+++ Records shown +++

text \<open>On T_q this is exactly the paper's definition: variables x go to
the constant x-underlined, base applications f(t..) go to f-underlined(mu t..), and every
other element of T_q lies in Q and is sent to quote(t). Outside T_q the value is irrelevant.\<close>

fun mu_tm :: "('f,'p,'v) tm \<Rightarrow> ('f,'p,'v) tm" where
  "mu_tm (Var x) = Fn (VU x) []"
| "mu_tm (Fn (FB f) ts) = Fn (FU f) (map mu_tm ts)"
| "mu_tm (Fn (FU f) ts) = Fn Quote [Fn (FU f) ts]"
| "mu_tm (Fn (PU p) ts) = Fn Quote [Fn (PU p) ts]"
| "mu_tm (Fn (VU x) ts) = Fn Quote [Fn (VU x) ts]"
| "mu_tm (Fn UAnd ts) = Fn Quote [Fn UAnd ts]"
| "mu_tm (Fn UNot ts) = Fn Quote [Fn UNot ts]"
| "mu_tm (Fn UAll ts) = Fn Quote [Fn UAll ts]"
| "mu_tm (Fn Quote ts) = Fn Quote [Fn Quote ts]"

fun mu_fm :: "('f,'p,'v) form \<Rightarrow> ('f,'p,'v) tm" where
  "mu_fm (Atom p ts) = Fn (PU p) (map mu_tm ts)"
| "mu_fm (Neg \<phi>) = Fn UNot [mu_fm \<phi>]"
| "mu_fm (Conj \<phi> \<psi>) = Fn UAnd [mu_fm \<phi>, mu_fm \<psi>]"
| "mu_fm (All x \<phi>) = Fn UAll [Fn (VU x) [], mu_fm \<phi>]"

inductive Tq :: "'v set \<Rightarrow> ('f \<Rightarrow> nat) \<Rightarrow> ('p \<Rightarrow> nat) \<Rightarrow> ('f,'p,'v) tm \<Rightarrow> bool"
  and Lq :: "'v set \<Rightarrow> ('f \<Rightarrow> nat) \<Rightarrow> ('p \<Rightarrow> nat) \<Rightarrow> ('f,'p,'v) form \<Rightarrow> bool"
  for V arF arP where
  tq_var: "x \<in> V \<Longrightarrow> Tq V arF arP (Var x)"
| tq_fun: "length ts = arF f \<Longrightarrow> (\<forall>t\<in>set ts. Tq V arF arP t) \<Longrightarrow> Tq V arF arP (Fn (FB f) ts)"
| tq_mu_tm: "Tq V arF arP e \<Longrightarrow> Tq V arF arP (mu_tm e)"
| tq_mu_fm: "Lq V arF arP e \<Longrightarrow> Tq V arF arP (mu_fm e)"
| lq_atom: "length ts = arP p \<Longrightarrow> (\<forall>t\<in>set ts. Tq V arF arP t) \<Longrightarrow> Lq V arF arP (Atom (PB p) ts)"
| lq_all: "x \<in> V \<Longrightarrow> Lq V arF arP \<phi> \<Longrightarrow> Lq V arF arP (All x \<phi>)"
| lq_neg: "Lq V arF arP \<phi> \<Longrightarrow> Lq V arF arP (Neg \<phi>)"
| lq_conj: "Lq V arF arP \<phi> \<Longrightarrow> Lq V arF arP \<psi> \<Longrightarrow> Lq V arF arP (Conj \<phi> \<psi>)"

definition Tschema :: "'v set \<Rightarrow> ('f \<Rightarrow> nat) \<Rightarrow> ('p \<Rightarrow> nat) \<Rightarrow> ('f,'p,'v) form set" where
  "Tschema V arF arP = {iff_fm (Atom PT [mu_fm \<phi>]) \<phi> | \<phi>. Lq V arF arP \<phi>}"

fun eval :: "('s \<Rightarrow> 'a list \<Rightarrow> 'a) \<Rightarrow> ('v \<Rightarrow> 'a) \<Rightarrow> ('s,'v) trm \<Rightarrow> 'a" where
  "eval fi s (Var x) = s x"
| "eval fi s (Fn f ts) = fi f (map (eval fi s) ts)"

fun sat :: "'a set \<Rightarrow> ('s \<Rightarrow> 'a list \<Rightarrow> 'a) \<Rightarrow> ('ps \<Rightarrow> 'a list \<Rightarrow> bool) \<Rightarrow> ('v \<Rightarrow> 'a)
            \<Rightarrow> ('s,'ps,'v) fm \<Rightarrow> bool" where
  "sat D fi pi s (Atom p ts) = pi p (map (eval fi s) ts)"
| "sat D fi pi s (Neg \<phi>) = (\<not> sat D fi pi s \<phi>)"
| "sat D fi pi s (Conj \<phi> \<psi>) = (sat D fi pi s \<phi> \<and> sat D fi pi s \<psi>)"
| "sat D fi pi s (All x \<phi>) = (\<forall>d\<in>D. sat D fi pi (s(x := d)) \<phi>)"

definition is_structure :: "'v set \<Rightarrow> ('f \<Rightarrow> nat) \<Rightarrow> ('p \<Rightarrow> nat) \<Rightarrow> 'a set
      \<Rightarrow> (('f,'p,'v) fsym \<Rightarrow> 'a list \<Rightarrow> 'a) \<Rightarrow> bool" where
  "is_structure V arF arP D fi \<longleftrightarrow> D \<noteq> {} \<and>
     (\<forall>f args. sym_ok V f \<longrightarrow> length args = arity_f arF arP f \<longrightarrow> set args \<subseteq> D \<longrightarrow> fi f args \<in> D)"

+++
+++ Records shown +++

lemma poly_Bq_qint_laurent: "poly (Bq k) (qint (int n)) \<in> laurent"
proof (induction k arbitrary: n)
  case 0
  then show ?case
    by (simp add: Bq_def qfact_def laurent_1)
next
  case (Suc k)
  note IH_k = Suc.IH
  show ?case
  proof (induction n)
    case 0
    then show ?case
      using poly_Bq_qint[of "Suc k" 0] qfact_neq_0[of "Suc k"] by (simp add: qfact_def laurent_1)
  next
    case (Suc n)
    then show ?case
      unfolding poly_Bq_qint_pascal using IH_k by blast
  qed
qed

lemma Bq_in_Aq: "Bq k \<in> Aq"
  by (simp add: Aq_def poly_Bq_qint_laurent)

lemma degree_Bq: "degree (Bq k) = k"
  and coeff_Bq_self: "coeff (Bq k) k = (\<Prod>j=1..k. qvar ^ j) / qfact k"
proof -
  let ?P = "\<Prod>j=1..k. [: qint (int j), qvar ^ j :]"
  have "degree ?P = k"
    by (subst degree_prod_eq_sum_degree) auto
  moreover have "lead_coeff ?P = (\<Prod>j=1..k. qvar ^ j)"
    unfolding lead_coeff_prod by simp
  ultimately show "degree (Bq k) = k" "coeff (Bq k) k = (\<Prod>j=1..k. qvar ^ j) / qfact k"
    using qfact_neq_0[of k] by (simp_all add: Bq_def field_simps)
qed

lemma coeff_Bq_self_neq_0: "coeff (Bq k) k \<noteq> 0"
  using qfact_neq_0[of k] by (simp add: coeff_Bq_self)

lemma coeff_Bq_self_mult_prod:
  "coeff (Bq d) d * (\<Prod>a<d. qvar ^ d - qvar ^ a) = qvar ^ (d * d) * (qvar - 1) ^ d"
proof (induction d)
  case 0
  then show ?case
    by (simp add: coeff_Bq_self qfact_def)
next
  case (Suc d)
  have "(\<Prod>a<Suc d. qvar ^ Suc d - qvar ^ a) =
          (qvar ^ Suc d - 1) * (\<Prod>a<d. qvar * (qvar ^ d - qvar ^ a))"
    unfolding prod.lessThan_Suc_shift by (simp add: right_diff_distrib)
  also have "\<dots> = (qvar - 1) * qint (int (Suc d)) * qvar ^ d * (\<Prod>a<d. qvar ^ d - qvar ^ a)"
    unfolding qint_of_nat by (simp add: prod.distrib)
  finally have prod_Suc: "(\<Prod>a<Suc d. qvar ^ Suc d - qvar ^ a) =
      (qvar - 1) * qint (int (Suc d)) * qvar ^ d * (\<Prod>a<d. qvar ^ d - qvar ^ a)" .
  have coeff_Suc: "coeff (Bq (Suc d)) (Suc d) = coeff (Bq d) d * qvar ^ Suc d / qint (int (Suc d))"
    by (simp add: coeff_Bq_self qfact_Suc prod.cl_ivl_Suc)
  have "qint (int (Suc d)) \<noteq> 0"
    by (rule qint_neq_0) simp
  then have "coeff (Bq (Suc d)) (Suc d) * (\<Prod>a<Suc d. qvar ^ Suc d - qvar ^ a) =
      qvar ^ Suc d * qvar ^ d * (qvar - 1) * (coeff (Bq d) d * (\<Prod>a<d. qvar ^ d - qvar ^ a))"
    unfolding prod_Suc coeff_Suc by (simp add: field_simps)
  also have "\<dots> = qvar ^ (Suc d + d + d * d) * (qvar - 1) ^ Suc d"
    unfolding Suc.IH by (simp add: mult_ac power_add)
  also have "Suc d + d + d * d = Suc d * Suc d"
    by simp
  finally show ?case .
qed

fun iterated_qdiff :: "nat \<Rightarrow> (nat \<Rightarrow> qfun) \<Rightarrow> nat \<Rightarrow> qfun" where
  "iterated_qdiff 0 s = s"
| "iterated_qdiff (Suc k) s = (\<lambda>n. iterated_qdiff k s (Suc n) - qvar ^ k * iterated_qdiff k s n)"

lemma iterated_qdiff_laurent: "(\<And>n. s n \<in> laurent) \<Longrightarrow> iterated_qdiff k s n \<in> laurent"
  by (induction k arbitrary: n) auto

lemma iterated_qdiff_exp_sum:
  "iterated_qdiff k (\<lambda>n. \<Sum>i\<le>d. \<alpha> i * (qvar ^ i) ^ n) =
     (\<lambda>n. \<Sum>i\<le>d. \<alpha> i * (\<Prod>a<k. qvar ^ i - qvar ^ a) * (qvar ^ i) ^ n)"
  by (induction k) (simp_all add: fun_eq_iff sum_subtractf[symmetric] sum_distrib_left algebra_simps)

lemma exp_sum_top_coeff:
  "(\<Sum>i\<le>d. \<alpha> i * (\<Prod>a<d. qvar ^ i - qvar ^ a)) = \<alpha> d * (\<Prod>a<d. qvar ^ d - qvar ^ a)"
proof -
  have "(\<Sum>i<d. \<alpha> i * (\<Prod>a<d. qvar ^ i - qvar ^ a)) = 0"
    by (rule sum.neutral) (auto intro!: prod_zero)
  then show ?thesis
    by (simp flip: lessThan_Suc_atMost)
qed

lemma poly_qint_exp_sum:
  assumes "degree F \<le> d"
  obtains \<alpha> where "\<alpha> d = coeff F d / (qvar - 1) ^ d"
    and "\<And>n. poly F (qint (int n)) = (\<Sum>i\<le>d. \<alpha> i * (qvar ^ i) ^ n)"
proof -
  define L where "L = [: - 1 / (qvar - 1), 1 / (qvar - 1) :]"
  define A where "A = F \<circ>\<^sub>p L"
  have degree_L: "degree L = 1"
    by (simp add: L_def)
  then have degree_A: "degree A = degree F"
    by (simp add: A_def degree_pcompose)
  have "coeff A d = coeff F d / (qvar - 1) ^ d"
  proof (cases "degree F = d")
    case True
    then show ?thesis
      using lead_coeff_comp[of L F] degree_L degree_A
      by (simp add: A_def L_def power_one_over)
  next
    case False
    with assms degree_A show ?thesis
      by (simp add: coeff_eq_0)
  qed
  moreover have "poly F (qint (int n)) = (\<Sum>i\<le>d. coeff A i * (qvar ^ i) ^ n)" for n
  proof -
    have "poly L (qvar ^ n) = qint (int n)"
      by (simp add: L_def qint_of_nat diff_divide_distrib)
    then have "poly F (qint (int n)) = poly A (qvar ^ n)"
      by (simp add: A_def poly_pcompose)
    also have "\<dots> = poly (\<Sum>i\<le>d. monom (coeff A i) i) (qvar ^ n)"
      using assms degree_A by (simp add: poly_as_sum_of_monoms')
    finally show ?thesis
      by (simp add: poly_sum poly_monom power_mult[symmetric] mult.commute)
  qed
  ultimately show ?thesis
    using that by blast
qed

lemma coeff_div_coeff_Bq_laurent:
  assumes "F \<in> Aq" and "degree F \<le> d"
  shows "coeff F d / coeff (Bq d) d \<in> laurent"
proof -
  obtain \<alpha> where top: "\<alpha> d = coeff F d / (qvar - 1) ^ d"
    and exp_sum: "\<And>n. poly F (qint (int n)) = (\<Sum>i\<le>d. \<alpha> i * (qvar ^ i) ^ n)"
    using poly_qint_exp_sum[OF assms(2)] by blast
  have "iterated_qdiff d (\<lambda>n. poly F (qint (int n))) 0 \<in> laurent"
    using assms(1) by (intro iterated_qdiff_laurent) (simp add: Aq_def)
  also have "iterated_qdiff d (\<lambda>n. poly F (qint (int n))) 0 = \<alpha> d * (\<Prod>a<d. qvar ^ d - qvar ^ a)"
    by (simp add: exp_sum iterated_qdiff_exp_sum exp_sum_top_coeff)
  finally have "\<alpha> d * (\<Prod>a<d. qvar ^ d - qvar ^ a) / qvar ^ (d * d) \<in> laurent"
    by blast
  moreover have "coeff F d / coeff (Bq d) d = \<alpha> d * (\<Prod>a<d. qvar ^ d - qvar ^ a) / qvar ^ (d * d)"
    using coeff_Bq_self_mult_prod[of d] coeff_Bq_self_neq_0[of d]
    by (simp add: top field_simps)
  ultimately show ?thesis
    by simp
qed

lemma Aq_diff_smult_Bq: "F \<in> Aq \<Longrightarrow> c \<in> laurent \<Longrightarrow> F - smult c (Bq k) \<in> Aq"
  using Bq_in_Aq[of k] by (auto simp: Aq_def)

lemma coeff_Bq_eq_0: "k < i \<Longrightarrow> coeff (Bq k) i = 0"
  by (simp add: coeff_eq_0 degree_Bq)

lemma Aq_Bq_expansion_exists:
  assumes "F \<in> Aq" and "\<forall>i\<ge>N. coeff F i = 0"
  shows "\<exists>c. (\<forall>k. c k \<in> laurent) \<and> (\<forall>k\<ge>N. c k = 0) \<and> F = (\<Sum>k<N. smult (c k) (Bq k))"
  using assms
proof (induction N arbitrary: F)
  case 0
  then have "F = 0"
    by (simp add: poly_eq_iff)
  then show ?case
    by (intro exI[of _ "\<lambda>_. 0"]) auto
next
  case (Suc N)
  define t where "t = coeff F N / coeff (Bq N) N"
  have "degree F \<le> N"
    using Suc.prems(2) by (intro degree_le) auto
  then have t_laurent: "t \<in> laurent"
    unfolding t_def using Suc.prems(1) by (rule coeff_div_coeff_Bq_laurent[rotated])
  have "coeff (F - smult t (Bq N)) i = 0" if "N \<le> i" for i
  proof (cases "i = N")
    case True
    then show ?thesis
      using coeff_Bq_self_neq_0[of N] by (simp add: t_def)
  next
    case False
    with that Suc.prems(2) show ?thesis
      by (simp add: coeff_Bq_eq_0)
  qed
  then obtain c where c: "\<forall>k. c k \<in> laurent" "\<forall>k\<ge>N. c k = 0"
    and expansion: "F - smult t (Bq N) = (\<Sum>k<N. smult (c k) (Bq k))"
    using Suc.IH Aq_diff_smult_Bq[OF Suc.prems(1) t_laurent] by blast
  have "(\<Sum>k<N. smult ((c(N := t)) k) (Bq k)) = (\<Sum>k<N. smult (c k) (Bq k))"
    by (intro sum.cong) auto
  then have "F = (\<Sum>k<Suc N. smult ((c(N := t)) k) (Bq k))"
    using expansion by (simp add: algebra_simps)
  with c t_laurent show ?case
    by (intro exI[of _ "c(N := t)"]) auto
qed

+++

In the listing above, find the line containing "text \<open>On T_q" and the line containing "(Var x) = Fn", then repeat those two lines and everything between them exactly.

text \<open>On T_q this is exactly the paper's definition: variables x go to
the constant x-underlined, base applications f(t..) go to f-underlined(mu t..), and every
other element of T_q lies in Q and is sent to quote(t). Outside T_q the value is irrelevant.\<close>

fun mu_tm :: "('f,'p,'v) tm \<Rightarrow> ('f,'p,'v) tm" where
  "mu_tm (Var x) = Fn (VU x) []"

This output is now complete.